As you might have noticed/wondered from my last post, I’m experimenting with tags on this blog. Garrick Van Buren released Tag Maker for MarsEdit, a quick AppleScript that makes Technorati and Del.icio.us tags from selected text in posts. I like the for making the tags, but not necessarily the end result—the scattered parenthetical tags are, I think, a little distracting.

Unfortunately, on Manila, I can’t use the suggested alternative, Laura Lemay’s script that places all the tag links at the bottom, because Manila blogs don’t get the Keywords field in MarsEdit.

So I’ll probably end up altering my workflow and hacking Garrick’s script to make it do what I want it to do. Still, some tags are better than none.

Tags: tagging (), MarsEdit (), Manila (), AppleScript ()

The other shoe drops for Manila enclosure support

UserLand () Product News: Frontier and Manila: New Enclosure macros and updates to Manila RPC and MetaWeblogAPI. This is the other shoe whose dropping I anticipated last week when UserLand rolled out a new enclosure support feature. By extending the support for the new feature into the API and into user interface macros, Manila () now gives users an unprecedented level of flexibility for managing the creation and display of content (such as podcasts ()) that contain enclosures. Bravo.

A second, very big, bravo, is due for the long-anticipated full support of the MetaWeblogAPI () for creating new binary objects such as pictures or audio files, using the standard MetaWeblogAPI.newMediaObject. By adding support for this cross-vendor standard way to upload non-text content, Manila bloggers can take advantage of tools like MarsEdit () to manage image uploads. (Note that this announcement is the one that Brent Simmons calls out on the Ranchero blog.)

Now, if my kind host will update our Manila installation so that I can work with these new bits, I’ll be a very happy camper.

It ain’t the absolute height of the spike…

Boing Boing: Infographic of blogosphere traffic spikes. Xeni points out a curious feature of the Technorati infographic, where a point labeled “Kryptonite lock controversy” is as high as “Indian Ocean tsunami.” I say: it’s not the absolute size of the spike, it’s how it relates to its surroundings. (Uh, bow chicka chicka bow bow.)

Based on my experience interpreting online traffic, the metric of merit when comparing two events isn’t absolute amount of traffic (posts, page views, unique users) but the delta they cause from the normal volume of activity. Look at the time period around “Kryptonite lock controversy”—the spike, while high, is part of a consistently high series of spikes that appears to run from July through shortly after the election. In other words, not dramatic, considering the overall blogosphere activity at that time.
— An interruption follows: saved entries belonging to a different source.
lemma dicycle_through_trancl_loop:
  assumes loop: "(t, t) \<in> (Restr E V)\<^sup>+" and irrefl: "\<forall>v. (v, v) \<notin> E"
  shows "\<exists>cs. dicycle V E cs \<and> t \<in> set cs"
proof -
  let ?r = "\<lambda>a b. (a, b) \<in> Restr E V"
  obtain v where tv: "?r t v" and "(v, t) \<in> (Restr E V)\<^sup>*"
    using loop by (meson tranclD)
  then have "?r\<^sup>*\<^sup>* v t" by (simp only: Transitive_Closure.rtranclp_rtrancl_eq)
  then obtain xs where "rtrancl_path ?r v xs t" by (auto simp: rtranclp_eq_rtrancl_path)
  then obtain ys where path: "rtrancl_path ?r v ys t" and dist: "distinct (v # ys)"
    by (rule rtrancl_path_distinct)
  have "ys \<noteq> []"
  proof
    assume "ys = []"
    then have "v = t" using path by (auto elim: rtrancl_path.cases)
    then show False using tv irrefl by blast
  qed
  have last: "last ys = t" using path \<open>ys \<noteq> []\<close> by (rule rtrancl_path_last)
  let ?cs = "v # ys"
  have steps: "(?cs ! i, ?cs ! ((i + 1) mod length ?cs)) \<in> Restr E V" if "i < length ?cs" for i
  proof (cases "i < length ys")
    case True
    then show ?thesis using rtrancl_path_nth[OF path True] by simp
  next
    case False
    then have "i = length ys" using that by simp
    then show ?thesis using tv last \<open>ys \<noteq> []\<close> by (simp add: last_conv_nth)
  qed
  have "set ?cs \<subseteq> V"
  proof
    fix x assume "x \<in> set ?cs"
    then obtain i where "i < length ?cs" "x = ?cs ! i" by (metis in_set_conv_nth)
    then show "x \<in> V" using steps by blast
  qed
  moreover have "t \<in> set ?cs" using last_in_set[OF \<open>ys \<noteq> []\<close>] last by simp
  moreover have "2 \<le> length ?cs" using \<open>ys \<noteq> []\<close> by (cases ys) auto
  ultimately show ?thesis using dist steps unfolding dicycle_def by blast
qed

lemma dicycle_successor_neq:
  assumes "dicycle V E cs" and "i < length cs"
  shows "cs ! i \<noteq> cs ! ((i + 1) mod length cs)"
proof -
  have n: "2 \<le> length cs" "distinct cs" using assms(1) unfolding dicycle_def by auto
  have "i \<noteq> (i + 1) mod length cs"
    using n(1) assms(2) by (cases "i + 1 = length cs") auto
  moreover have "(i + 1) mod length cs < length cs" using n(1) by (intro mod_less_divisor) linarith
  ultimately show ?thesis using nth_eq_iff_index_eq[OF n(2) assms(2)] by blast
qed

lemma ex_crossing_step:
  fixes h :: "nat \<Rightarrow> nat"
  shows "0 < m \<Longrightarrow> p \<le> h 0 \<Longrightarrow> h m \<le> p \<Longrightarrow> \<exists>i<m. p \<le> h i \<and> h (Suc i) \<le> p"
proof (induction m)
  case (Suc m)
  then show ?case by (cases "m = 0 \<or> p \<le> h m") (auto intro: less_SucI)
qed simp

lemma affected_arcsI:
  "l < r \<Longrightarrow> r < length \<sigma> \<Longrightarrow> (\<sigma> ! r, \<sigma> ! l) \<in> A \<Longrightarrow> l \<le> i \<Longrightarrow> i \<le> r \<Longrightarrow> \<sigma> ! i \<in> T
  \<Longrightarrow> (\<sigma> ! r, \<sigma> ! l) \<in> affected_arcs A T \<sigma>"
  unfolding affected_arcs_def by blast

text \<open>Follow a T-cycle from a terminal t. It starts at t and must come back to t, so some arc
  leaves the positions at or after t for the positions at or before t; such an arc is backward
  with t in its span, hence affected.\<close>

lemma affected_arcs_T_fas:
  assumes "V \<subseteq> set \<sigma>"
  shows "T_fas V A T (affected_arcs A T \<sigma>)"
  unfolding T_fas_def
proof (intro conjI notI)
  let ?S = "affected_arcs A T \<sigma>"
  show "?S \<subseteq> A" unfolding affected_arcs_def by auto
  assume "\<exists>cs. T_cycle V (A - ?S) T cs"
  then obtain cs t where dc: "dicycle V (A - ?S) cs" and "t \<in> set cs" and tT: "t \<in> T"
    unfolding T_cycle_def by blast
  define n where "n = length cs"
  have n2: "2 \<le> n" and csV: "set cs \<subseteq> V"
    and arc: "\<And>i. i < n \<Longrightarrow> (cs ! i, cs ! ((i + 1) mod n)) \<in> A - ?S"
    using dc unfolding dicycle_def n_def by auto
  have tV: "t \<in> V" using \<open>t \<in> set cs\<close> csV by auto
  obtain j where j: "j < n" "cs ! j = t" using \<open>t \<in> set cs\<close> unfolding n_def by (metis in_set_conv_nth)
  have "\<forall>v\<in>set \<sigma>. \<exists>i. i < length \<sigma> \<and> \<sigma> ! i = v" by (simp add: in_set_conv_nth)
  then obtain pos where pos: "\<And>v. v \<in> set \<sigma> \<Longrightarrow> pos v < length \<sigma> \<and> \<sigma> ! pos v = v"
    by metis
  have posV: "pos v < length \<sigma>" "\<sigma> ! pos v = v" if "v \<in> V" for v
    using pos that assms by auto
  define h where "h i = pos (cs ! ((j + i) mod n))" for i
  have "h 0 = pos t" "h n = pos t" using j n2 by (simp_all add: h_def)
  then obtain i where "i < n" and hi: "pos t \<le> h i" "h (Suc i) \<le> pos t"
    using ex_crossing_step[of n "pos t" h] n2 by auto
  define x where "x = (j + i) mod n"
  have x: "x < n" using n2 by (simp add: x_def)
  define a where "a = cs ! x"
  define b where "b = cs ! ((x + 1) mod n)"
  have "(j + Suc i) mod n = (x + 1) mod n" by (simp add: x_def mod_Suc_eq)
  then have hab: "pos t \<le> pos a" "pos b \<le> pos t"
    using hi by (simp_all add: h_def x_def a_def b_def)
  have ab: "(a, b) \<in> A - ?S" using arc[OF x] by (simp add: a_def b_def)
  have "cs ! y \<in> V" if "y < n" for y using csV that unfolding n_def by auto
  then have aV: "a \<in> V" and bV: "b \<in> V" using x n2 by (simp_all add: a_def b_def)
  have "a \<noteq> b" using dicycle_successor_neq[OF dc] x by (simp add: a_def b_def n_def)
  then have "pos a \<noteq> pos b" using posV(2)[OF aV] posV(2)[OF bV] by auto
  then have "pos b < pos a" using hab by linarith
  moreover have "(\<sigma> ! pos a, \<sigma> ! pos b) \<in> A" using ab posV(2)[OF aV] posV(2)[OF bV] by simp
  ultimately have "(\<sigma> ! pos a, \<sigma> ! pos b) \<in> ?S"
    using posV(1)[OF aV] posV(2)[OF tV] tT hab by (intro affected_arcsI[where i = "pos t"]) simp_all
  then show False using ab posV(2)[OF aV] posV(2)[OF bV] by simp
qed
The tsunami, on the other hand, reached the same peak of activity in the middle of a seasonal down period in blog posts—in fact, as I recall, a seasonal down period for Internet activity as a whole. In other words, it’s a hell of a lot more impressive that a bunch of bloggers got off their haunches after the holidays to post about the tsunami—when they weren’t inclined to blog—than that they posted in a period of otherwise high post activity.

(This is the second in a series of occasional posts where I offer my meager expertise to interpret a BoingBoing post about online traffic trends. Maybe I should make this a series. Maybe even a sidebar.)